• Problem to solve
Extract every line from the records below that contains the word "moreover".

Records from a data source

lemma dvd_neg_var_power_diff:
  fixes H a :: "'a::field poly"
  assumes "neg_var H = H" "H dvd a - [:c:]" "c ^ q = c"
  shows "H dvd a - neg_var a ^ q"
proof -
  have "neg_var H dvd neg_var (a - [:c:])"
    using assms(2) unfolding neg_var_def by (auto simp: pcompose_mult elim!: dvdE)
  then have "H dvd neg_var a - [:c:]"
    using assms(1) by (simp add: neg_var_def pcompose_diff)
  moreover have "neg_var a - [:c:] dvd neg_var a ^ q - [:c:] ^ q"
    by (rule diff_dvd_power_diff)
  ultimately have "H dvd neg_var a ^ q - [:c:]"
    using assms(3) by (simp add: poly_const_pow dvd_trans)
  from dvd_diff[OF assms(2) this] show ?thesis
    by simp
qed

section \<open>Coefficient pairing and isotropy\<close>

definition coeff_pairing :: "nat \<Rightarrow> 'a::field poly \<Rightarrow> 'a poly \<Rightarrow> 'a" where
  "coeff_pairing n f g = (\<Sum>j<n. coeff (f mod Xn1 n) j * coeff (g mod Xn1 n) j)"

lemma coeff_mod_Xn1_eq_0:
  assumes "n > 0" "n \<le> i"
  shows "coeff (f mod Xn1 n :: 'a::field poly) i = 0"
proof -
  have "f mod Xn1 n = 0 \<or> degree (f mod Xn1 n) < n"
    using degree_mod_less[OF Xn1_neq_0[OF assms(1)], of f] by (simp add: degree_Xn1 assms(1))
  with assms(2) show ?thesis
    by (auto intro: coeff_eq_0)
qed

lemma coeff_X_mult_mod_Xn1:
  assumes "n > 0" "j < n"
  shows "coeff (pCons 0 f mod Xn1 n :: 'a::field poly) j =
    (if j = 0 then - coeff (f mod Xn1 n) (n - 1) else coeff (f mod Xn1 n) (j - 1))"
proof -
  define r where "r = f mod Xn1 n"
  define c where "c = coeff r (n - 1)"
  define w where "w = [:0, 1:] * r - smult c (Xn1 n)"
  have coeff_Xn1: "coeff (Xn1 n :: 'a poly) i = (if i = n then 1 else 0) + (if i = 0 then 1 else 0)" for i
    by (simp add: Xn1_def coeff_monom)
  have coeff_w: "coeff w i = (if i = 0 then 0 else coeff r (i - 1)) - c * coeff (Xn1 n) i" for i
    unfolding w_def by (cases i) simp_all
  have "degree w \<le> n - 1"
  proof (rule degree_le, intro allI impI)
    fix i assume "n - 1 < i"
    then show "coeff w i = 0"
      using assms(1) coeff_mod_Xn1_eq_0[OF assms(1), of "i - 1" f]
      by (cases "i = n") (auto simp: coeff_w coeff_Xn1 c_def r_def)
  qed
  then have "degree w < degree (Xn1 n :: 'a poly)"
    using assms(1) by (simp add: degree_Xn1)
  have "pCons 0 f mod Xn1 n = ([:0, 1:] * f) mod Xn1 n"
    by simp
  also have "\<dots> = ([:0, 1:] * r) mod Xn1 n"
    unfolding r_def by (rule mod_mult_right_eq[symmetric])
  also have "[:0, 1:] * r = w + smult c (Xn1 n)"
    by (simp add: w_def)
  also have "(w + smult c (Xn1 n)) mod Xn1 n = w"
    using \<open>degree w < _\<close> by (simp add: poly_mod_add_left mod_smult_left mod_poly_less)
  finally have "pCons 0 f mod Xn1 n = w" .
  then show ?thesis
    using assms by (simp add: coeff_w coeff_Xn1 c_def r_def)
qed

lemma coeff_pairing_X_mult:
  assumes "n > 0"
  shows "coeff_pairing n ([:0, 1:] * f) ([:0, 1:] * g) = coeff_pairing n f (g :: 'a::field poly)"
proof -
  obtain m where n: "n = Suc m"
    using assms by (cases n) auto
  have "coeff_pairing n ([:0, 1:] * f) ([:0, 1:] * g) =
      coeff (([:0, 1:] * f) mod Xn1 n) 0 * coeff (([:0, 1:] * g) mod Xn1 n) 0 +
      (\<Sum>j<m. coeff (([:0, 1:] * f) mod Xn1 n) (Suc j) * coeff (([:0, 1:] * g) mod Xn1 n) (Suc j))"
    unfolding coeff_pairing_def n by (rule sum.lessThan_Suc_shift)
  also have "\<dots> = coeff (f mod Xn1 n) m * coeff (g mod Xn1 n) m +
      (\<Sum>j<m. coeff (f mod Xn1 n) j * coeff (g mod Xn1 n) j)"
    using assms by (simp add: coeff_X_mult_mod_Xn1 n)
  also have "\<dots> = coeff_pairing n f g"
    by (simp add: coeff_pairing_def n)
  finally show ?thesis .
qed

lemma coeff_pairing_cong_right: "Xn1 n dvd g - g' \<Longrightarrow> coeff_pairing n f g = coeff_pairing n f g'"
  unfolding coeff_pairing_def by (simp flip: mod_eq_dvd_iff)

lemma coeff_pairing_commute: "coeff_pairing n f g = coeff_pairing n g f"
  unfolding coeff_pairing_def by (simp add: mult.commute)

lemma coeff_pairing_add_left:
  "coeff_pairing n (f + f') g = coeff_pairing n f g + coeff_pairing n f' (g :: 'a::field poly)"
  unfolding coeff_pairing_def by (simp add: poly_mod_add_left algebra_simps sum.distrib)

lemma coeff_pairing_smult_left:
  "coeff_pairing n (smult c f) g = c * coeff_pairing n f (g :: 'a::field poly)"
  unfolding coeff_pairing_def by (simp add: mod_smult_left algebra_simps sum_distrib_left)

lemma coeff_pairing_add_right:
  "coeff_pairing n f (g + g') = coeff_pairing n f g + coeff_pairing n f (g' :: 'a::field poly)"
  by (simp add: coeff_pairing_commute[of n f] coeff_pairing_add_left)

lemma coeff_pairing_smult_right:
  "coeff_pairing n f (smult c g) = c * coeff_pairing n f (g :: 'a::field poly)"
  by (simp add: coeff_pairing_commute[of n f] coeff_pairing_smult_left)

lemma coeff_pairing_mult_left:
  assumes "n > 0"
  shows "coeff_pairing n (f * g) h =
    coeff_pairing n g (pcompose f ([:0, 1:] ^ (2 * n - 1)) * (h :: 'a::field poly))"
proof (induction f arbitrary: g h)
  case 0
  then show ?case
    by (simp add: coeff_pairing_def)
next
  case (pCons a f)
  let ?Y = "[:0, 1:] ^ (2 * n - 1) :: 'a poly"
  have "Xn1 n dvd [:0, 1:] * (?Y * h) - h"
    using dvd_mult2[OF Xn1_dvd_X_mult_inverse[OF assms], of h] by (simp add: algebra_simps)
  then have "coeff_pairing n ([:0, 1:] * (f * g)) h =
      coeff_pairing n ([:0, 1:] * (f * g)) ([:0, 1:] * (?Y * h))"
    by (intro coeff_pairing_cong_right) (simp add: dvd_diff_commute)
  also have "\<dots> = coeff_pairing n g (pcompose f ?Y * (?Y * h))"
    unfolding coeff_pairing_X_mult[OF assms] by (rule pCons.IH)
  finally show ?case
    by (simp add: pcompose_pCons coeff_pairing_add_left coeff_pairing_add_right
        coeff_pairing_smult_left coeff_pairing_smult_right algebra_simps)
qed

lemma totally_isotropic_neg_subspaceI:
  fixes n :: nat and g a :: "'a::field poly"
  defines "Y \<equiv> [:0, 1:] ^ (2 * n - 1)"
  assumes n: "n > 0" and cong: "Xn1 n dvd g * pcompose g Y * (a - pcompose a Y)"
  shows "totally_isotropic n (neg_subspace n g a)"
  unfolding totally_isotropic_def neg_subspace_def
proof (intro ballI)
  fix x y
  assume "x \<in> {(vecR n (u * g), vecR n (u * a * g)) | u. poly_over_Fp u}"
    and "y \<in> {(vecR n (u * g), vecR n (u * a * g)) | u. poly_over_Fp u}"
  then obtain u v where xy: "x = (vecR n (u * g), vecR n (u * a * g))"
    "y = (vecR n (v * g), vecR n (v * a * g))"
    by blast
  have "symp n x y = coeff_pairing n (g * u) (v * a * g) - coeff_pairing n ((a * g) * u) (v * g)"
    unfolding xy symp_def vecR_def coeff_pairing_def by (simp add: mult_ac)
  also have "coeff_pairing n (g * u) (v * a * g) = coeff_pairing n u (pcompose g Y * (v * a * g))"
    unfolding Y_def by (rule coeff_pairing_mult_left[OF n])
  also have "coeff_pairing n ((a * g) * u) (v * g) =
      coeff_pairing n u (pcompose a Y * pcompose g Y * (v * g))"
    unfolding Y_def by (simp add: coeff_pairing_mult_left[OF n] pcompose_mult)
  also have "coeff_pairing n u (pcompose g Y * (v * a * g)) =
      coeff_pairing n u (pcompose a Y * pcompose g Y * (v * g))"
  proof (rule coeff_pairing_cong_right)
    have "pcompose g Y * (v * a * g) - pcompose a Y * pcompose g Y * (v * g) =
        v * (g * pcompose g Y * (a - pcompose a Y))"
      by (simp add: algebra_simps)
    then show "Xn1 n dvd pcompose g Y * (v * a * g) - pcompose a Y * pcompose g Y * (v * g)"
      using cong by simp
  qed
  finally show "symp n x y = 0"
    by simp
qed

lemma totally_isotropic_neg_subspace_if_power_cong:
  fixes g a :: "'a::field poly"
  assumes p: "prime p" "CHAR('a) = p" and "n > 0" "n dvd p ^ j + 1" "odd ((p ^ j + 1) div n)"
    and period: "\<And>f :: 'a poly. frob p j f = f" and "neg_var g = g"
    and cong: "Xn1 n dvd g * g ^ (p ^ j) * (a - neg_var a ^ (p ^ j))"
  shows "totally_isotropic n (neg_subspace n g a)"
proof (rule totally_isotropic_neg_subspaceI[OF \<open>n > 0\<close>])
  let ?Y = "[:0, 1:] ^ (2 * n - 1) :: 'a poly"
  let ?a = "neg_var a ^ (p ^ j)"
  note inverse = Xn1_dvd_pcompose_inverse[OF p assms(3-5) period]
  have g: "Xn1 n dvd pcompose g ?Y - g ^ (p ^ j)"
    using inverse[of g] \<open>neg_var g = g\<close> by simp
  have "g * pcompose g ?Y * (a - pcompose a ?Y) = g * g ^ (p ^ j) * (a - ?a) +
      (g * (a - pcompose a ?Y)) * (pcompose g ?Y - g ^ (p ^ j)) -
      (g * g ^ (p ^ j)) * (pcompose a ?Y - ?a)"
    by (simp add: algebra_simps)
  also have "Xn1 n dvd \<dots>"
    by (rule dvd_diff[OF dvd_add[OF cong dvd_mult[OF g]] dvd_mult[OF inverse[of a]]])
  finally show "Xn1 n dvd g * pcompose g ?Y * (a - pcompose a ?Y)" .
qed

section \<open>Frobenius conjugates of a factor\<close>

text \<open>
  Hypothesis (2) of the theorem, with X^n + 1 replaced by any squarefree M defined over F_p:
  if r divides \<sigma>^i(h), then \<sigma>^{k-i}(r) divides h, so h_conj says that every irreducible
  factor of M/g divides exactly one of the conjugates \<sigma>^i(h), i < k.
\<close>

locale conjugate_factors =
  fixes p k :: nat and M g h :: "'a::field poly"
  assumes prime: "prime p" and char: "CHAR('a) = p"
    and period: "\<And>f :: 'a poly. frob p k f = f" and k_pos: "k > 0"
    and squarefree_M: "squarefree M" and frob_M: "\<And>i. frob p i M = M"
    and g_dvd: "g dvd M" and frob_g: "\<And>i. frob p i g = g" and coprime_gh: "coprime g h"
    and h_dvd: "h dvd M div g"
    and h_conj: "\<And>r. irreducible r \<Longrightarrow> r dvd M div g \<Longrightarrow>
      (r dvd h \<longleftrightarrow> \<not> (\<exists>i\<in>{1..<k}. frob p i r dvd h))"
begin

lemma p_pos: "p > 0"
  using prime by (simp add: prime_gt_0_nat)

lemma M_neq_0: "M \<noteq> 0"
  using squarefree_M by auto

lemma h_neq_0: "h \<noteq> 0"
  using M_neq_0 g_dvd h_dvd by auto

lemma frob_h_dvd_M: "frob p i h dvd M"
proof -
  have "h dvd M"
    using h_dvd g_dvd by (metis dvd_div_mult_self dvd_mult2)
  then show ?thesis
    using frob_dvd[OF prime char] frob_M by metis
qed

lemma dvd_if_dvd_conjugates:
  assumes "g dvd F" "\<And>i. i < k \<Longrightarrow> frob p i h dvd F"
  shows "M dvd F"
proof (rule squarefree_dvdI[OF squarefree_M])
  fix r assume r: "irreducible r" "r dvd M"
  show "r dvd F"
  proof (cases "r dvd g")
    case True
    from this assms(1) show ?thesis
      by (rule dvd_trans)
  next
    case False
    moreover have "r dvd g * (M div g)"
      using r(2) g_dvd by simp
    ultimately have "r dvd M div g"
      using irreducible_dvd_multD[OF r(1)] by blast
    show ?thesis
    proof (cases "r dvd h")
      case True
      with assms(2)[of 0] k_pos show ?thesis
        by (auto intro: dvd_trans)
    next
      case False
      then obtain i where i: "i \<in> {1..<k}" "frob p i r dvd h"
        using h_conj[OF r(1) \<open>r dvd M div g\<close>] by blast
      then have "frob p (k - i) (frob p i r) dvd frob p (k - i) h"
        using prime char by (intro frob_dvd)
      then have "r dvd frob p (k - i) h"
        using i(1) by (simp add: frob_inverse[OF p_pos period])
      with assms(2)[of "k - i"] i(1) show ?thesis
        by (auto intro: dvd_trans)
    qed
  qed
qed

• Answer section
  moreover have "neg_var a - [:c:] dvd neg_var a ^ q - [:c:] ^ q"
    moreover have "r dvd g * (M div g)"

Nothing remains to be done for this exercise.